'''
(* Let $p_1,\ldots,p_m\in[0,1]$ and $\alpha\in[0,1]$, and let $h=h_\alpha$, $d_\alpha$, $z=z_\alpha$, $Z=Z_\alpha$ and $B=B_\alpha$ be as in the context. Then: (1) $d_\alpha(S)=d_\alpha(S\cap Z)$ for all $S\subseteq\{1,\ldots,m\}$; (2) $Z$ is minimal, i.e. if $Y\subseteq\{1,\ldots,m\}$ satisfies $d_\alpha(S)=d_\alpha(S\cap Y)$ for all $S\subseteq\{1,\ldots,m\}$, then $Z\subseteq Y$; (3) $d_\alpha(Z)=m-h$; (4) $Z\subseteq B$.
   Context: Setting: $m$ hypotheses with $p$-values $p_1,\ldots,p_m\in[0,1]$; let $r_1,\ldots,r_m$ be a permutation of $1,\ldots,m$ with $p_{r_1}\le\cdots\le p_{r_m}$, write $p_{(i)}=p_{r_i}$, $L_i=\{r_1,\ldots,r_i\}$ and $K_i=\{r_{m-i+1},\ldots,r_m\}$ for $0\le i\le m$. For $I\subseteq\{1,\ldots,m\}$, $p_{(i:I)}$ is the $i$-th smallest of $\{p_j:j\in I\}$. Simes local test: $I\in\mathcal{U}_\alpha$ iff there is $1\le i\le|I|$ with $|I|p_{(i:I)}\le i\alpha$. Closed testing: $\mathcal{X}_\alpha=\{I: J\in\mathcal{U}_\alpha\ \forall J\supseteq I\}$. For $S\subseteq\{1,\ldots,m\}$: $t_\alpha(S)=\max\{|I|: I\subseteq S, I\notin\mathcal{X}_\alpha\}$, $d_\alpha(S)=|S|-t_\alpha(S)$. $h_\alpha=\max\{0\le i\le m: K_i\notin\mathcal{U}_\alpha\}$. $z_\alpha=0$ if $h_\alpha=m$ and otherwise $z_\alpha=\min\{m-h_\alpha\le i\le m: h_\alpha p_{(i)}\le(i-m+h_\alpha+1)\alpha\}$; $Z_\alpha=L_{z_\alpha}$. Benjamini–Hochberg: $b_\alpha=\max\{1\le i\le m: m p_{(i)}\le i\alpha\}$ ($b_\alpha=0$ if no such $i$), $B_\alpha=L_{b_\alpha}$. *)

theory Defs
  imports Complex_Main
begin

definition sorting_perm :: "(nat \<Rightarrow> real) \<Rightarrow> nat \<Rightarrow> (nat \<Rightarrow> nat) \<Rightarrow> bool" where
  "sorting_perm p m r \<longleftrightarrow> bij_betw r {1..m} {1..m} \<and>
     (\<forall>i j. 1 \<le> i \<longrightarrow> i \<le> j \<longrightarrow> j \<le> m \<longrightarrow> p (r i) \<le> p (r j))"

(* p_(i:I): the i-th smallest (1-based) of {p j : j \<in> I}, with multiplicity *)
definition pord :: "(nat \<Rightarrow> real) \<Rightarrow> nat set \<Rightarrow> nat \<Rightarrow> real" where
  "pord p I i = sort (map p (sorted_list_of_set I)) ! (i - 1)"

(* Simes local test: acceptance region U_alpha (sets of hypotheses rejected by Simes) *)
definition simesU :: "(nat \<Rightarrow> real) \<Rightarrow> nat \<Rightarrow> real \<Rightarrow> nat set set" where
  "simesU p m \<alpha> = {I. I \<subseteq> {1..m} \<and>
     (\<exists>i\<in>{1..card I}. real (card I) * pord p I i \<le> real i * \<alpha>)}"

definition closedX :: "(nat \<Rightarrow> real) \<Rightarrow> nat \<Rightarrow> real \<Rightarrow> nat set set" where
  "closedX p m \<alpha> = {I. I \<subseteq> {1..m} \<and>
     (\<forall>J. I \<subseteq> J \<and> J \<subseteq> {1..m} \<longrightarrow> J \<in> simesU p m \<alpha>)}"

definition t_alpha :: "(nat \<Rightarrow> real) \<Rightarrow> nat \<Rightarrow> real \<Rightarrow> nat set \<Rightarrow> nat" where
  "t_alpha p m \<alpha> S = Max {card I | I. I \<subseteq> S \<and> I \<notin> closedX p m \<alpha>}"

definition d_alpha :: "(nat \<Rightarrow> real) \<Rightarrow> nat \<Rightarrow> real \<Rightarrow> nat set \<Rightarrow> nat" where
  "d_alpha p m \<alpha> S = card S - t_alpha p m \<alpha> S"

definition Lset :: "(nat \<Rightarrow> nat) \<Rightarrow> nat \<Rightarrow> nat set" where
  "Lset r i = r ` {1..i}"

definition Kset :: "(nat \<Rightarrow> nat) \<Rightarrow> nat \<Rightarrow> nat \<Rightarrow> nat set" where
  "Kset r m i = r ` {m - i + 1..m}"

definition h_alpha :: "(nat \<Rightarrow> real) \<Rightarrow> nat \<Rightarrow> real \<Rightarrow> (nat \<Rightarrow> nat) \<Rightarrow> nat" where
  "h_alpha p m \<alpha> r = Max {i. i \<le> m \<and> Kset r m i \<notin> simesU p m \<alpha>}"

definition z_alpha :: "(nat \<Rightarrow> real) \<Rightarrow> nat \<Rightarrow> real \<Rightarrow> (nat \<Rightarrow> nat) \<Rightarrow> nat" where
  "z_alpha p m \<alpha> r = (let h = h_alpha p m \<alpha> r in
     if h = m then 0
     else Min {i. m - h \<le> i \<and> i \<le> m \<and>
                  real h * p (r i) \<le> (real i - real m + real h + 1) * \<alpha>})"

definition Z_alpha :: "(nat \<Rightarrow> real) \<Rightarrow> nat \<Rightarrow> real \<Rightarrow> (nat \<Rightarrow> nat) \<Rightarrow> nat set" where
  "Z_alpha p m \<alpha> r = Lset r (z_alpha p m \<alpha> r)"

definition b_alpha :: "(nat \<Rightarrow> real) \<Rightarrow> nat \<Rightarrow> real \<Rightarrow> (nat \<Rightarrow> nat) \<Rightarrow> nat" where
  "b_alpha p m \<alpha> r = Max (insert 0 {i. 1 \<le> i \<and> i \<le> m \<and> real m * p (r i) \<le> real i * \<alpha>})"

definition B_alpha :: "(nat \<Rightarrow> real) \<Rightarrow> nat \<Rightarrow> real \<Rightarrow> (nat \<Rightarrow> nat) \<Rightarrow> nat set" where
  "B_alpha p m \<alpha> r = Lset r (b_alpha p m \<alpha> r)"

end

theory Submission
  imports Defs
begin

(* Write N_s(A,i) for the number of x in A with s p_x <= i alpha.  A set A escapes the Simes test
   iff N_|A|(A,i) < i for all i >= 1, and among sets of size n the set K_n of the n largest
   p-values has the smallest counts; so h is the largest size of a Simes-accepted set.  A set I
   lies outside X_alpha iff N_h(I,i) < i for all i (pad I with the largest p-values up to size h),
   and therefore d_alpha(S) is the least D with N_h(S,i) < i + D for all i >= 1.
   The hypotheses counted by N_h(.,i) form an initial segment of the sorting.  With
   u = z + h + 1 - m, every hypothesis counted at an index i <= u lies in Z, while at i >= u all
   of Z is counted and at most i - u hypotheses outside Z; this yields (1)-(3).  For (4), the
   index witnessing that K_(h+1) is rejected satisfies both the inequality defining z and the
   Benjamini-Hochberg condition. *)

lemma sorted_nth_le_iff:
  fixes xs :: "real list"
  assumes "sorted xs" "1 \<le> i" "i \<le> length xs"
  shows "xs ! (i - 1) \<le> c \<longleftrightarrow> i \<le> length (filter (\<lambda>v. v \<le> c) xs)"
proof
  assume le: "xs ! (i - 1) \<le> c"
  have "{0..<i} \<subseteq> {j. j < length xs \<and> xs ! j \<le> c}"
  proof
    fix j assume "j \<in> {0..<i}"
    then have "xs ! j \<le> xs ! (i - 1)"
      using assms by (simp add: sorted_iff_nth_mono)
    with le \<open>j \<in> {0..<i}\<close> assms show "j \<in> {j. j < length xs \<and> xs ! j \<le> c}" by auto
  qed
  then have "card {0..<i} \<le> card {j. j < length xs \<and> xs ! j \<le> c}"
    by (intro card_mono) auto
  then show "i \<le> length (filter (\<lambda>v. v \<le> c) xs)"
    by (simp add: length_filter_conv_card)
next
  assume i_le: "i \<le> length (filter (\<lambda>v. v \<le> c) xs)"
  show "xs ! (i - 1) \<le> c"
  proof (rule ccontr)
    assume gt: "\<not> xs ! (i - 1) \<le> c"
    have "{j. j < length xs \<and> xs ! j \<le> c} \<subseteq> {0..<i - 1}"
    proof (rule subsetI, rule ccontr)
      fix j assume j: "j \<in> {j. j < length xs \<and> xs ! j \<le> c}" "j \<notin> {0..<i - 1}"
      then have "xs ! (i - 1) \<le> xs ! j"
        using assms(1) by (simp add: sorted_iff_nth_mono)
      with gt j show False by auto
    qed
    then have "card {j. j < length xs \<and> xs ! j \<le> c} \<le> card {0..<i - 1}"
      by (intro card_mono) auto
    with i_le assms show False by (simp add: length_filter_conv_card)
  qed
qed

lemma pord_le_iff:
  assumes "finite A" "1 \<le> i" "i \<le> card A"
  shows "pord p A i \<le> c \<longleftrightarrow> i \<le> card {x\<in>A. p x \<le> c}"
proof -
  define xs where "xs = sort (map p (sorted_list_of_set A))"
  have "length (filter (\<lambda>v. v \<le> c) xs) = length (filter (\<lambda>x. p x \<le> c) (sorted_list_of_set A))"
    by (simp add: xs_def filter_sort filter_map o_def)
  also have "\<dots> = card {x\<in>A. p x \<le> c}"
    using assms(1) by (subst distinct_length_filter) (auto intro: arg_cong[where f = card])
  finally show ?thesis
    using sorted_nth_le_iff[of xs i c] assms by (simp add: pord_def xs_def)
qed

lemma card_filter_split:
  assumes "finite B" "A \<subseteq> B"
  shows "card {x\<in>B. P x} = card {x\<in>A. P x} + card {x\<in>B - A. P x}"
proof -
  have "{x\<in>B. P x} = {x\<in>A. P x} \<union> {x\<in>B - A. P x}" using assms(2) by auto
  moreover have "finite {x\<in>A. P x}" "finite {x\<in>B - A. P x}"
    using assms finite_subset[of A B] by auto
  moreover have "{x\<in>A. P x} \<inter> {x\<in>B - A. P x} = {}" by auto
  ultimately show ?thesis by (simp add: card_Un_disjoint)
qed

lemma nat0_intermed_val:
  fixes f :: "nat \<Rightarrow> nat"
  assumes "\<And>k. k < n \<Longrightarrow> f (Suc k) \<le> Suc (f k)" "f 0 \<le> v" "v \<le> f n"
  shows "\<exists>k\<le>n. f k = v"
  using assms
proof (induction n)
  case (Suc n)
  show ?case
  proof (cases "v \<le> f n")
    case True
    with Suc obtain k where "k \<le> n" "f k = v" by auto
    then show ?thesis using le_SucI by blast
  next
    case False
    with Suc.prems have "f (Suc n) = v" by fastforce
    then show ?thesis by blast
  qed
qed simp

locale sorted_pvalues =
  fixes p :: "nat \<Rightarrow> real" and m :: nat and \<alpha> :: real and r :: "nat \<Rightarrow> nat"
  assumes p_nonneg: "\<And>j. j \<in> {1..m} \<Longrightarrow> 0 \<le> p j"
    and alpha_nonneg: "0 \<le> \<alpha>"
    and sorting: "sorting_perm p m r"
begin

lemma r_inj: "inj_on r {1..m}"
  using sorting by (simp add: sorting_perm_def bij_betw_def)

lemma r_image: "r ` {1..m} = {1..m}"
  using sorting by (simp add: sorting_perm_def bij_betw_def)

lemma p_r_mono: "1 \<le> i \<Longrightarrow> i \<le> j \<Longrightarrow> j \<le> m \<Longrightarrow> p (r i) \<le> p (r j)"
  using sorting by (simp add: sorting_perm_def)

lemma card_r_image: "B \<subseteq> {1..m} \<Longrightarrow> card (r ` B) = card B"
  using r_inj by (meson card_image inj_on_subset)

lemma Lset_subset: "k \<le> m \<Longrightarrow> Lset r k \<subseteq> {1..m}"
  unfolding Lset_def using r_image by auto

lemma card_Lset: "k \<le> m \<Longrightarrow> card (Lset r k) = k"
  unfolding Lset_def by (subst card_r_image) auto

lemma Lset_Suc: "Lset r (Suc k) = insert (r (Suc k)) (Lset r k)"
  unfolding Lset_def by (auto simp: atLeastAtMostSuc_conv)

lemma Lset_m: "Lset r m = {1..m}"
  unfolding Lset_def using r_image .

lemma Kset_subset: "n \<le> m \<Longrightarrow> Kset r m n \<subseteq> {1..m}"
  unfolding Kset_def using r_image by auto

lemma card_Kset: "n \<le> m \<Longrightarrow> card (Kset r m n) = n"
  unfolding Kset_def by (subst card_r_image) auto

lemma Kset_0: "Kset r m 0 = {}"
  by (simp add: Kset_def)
'''
> TASK DESCRIPTION:
What you output must match the lines from the beginning of the material through the line with "theory Defs" exactly, both ends included.

> WRITTEN RESPONSE:
(* Let $p_1,\ldots,p_m\in[0,1]$ and $\alpha\in[0,1]$, and let $h=h_\alpha$, $d_\alpha$, $z=z_\alpha$, $Z=Z_\alpha$ and $B=B_\alpha$ be as in the context. Then: (1) $d_\alpha(S)=d_\alpha(S\cap Z)$ for all $S\subseteq\{1,\ldots,m\}$; (2) $Z$ is minimal, i.e. if $Y\subseteq\{1,\ldots,m\}$ satisfies $d_\alpha(S)=d_\alpha(S\cap Y)$ for all $S\subseteq\{1,\ldots,m\}$, then $Z\subseteq Y$; (3) $d_\alpha(Z)=m-h$; (4) $Z\subseteq B$.
   Context: Setting: $m$ hypotheses with $p$-values $p_1,\ldots,p_m\in[0,1]$; let $r_1,\ldots,r_m$ be a permutation of $1,\ldots,m$ with $p_{r_1}\le\cdots\le p_{r_m}$, write $p_{(i)}=p_{r_i}$, $L_i=\{r_1,\ldots,r_i\}$ and $K_i=\{r_{m-i+1},\ldots,r_m\}$ for $0\le i\le m$. For $I\subseteq\{1,\ldots,m\}$, $p_{(i:I)}$ is the $i$-th smallest of $\{p_j:j\in I\}$. Simes local test: $I\in\mathcal{U}_\alpha$ iff there is $1\le i\le|I|$ with $|I|p_{(i:I)}\le i\alpha$. Closed testing: $\mathcal{X}_\alpha=\{I: J\in\mathcal{U}_\alpha\ \forall J\supseteq I\}$. For $S\subseteq\{1,\ldots,m\}$: $t_\alpha(S)=\max\{|I|: I\subseteq S, I\notin\mathcal{X}_\alpha\}$, $d_\alpha(S)=|S|-t_\alpha(S)$. $h_\alpha=\max\{0\le i\le m: K_i\notin\mathcal{U}_\alpha\}$. $z_\alpha=0$ if $h_\alpha=m$ and otherwise $z_\alpha=\min\{m-h_\alpha\le i\le m: h_\alpha p_{(i)}\le(i-m+h_\alpha+1)\alpha\}$; $Z_\alpha=L_{z_\alpha}$. Benjamini–Hochberg: $b_\alpha=\max\{1\le i\le m: m p_{(i)}\le i\alpha\}$ ($b_\alpha=0$ if no such $i$), $B_\alpha=L_{b_\alpha}$. *)

theory Defs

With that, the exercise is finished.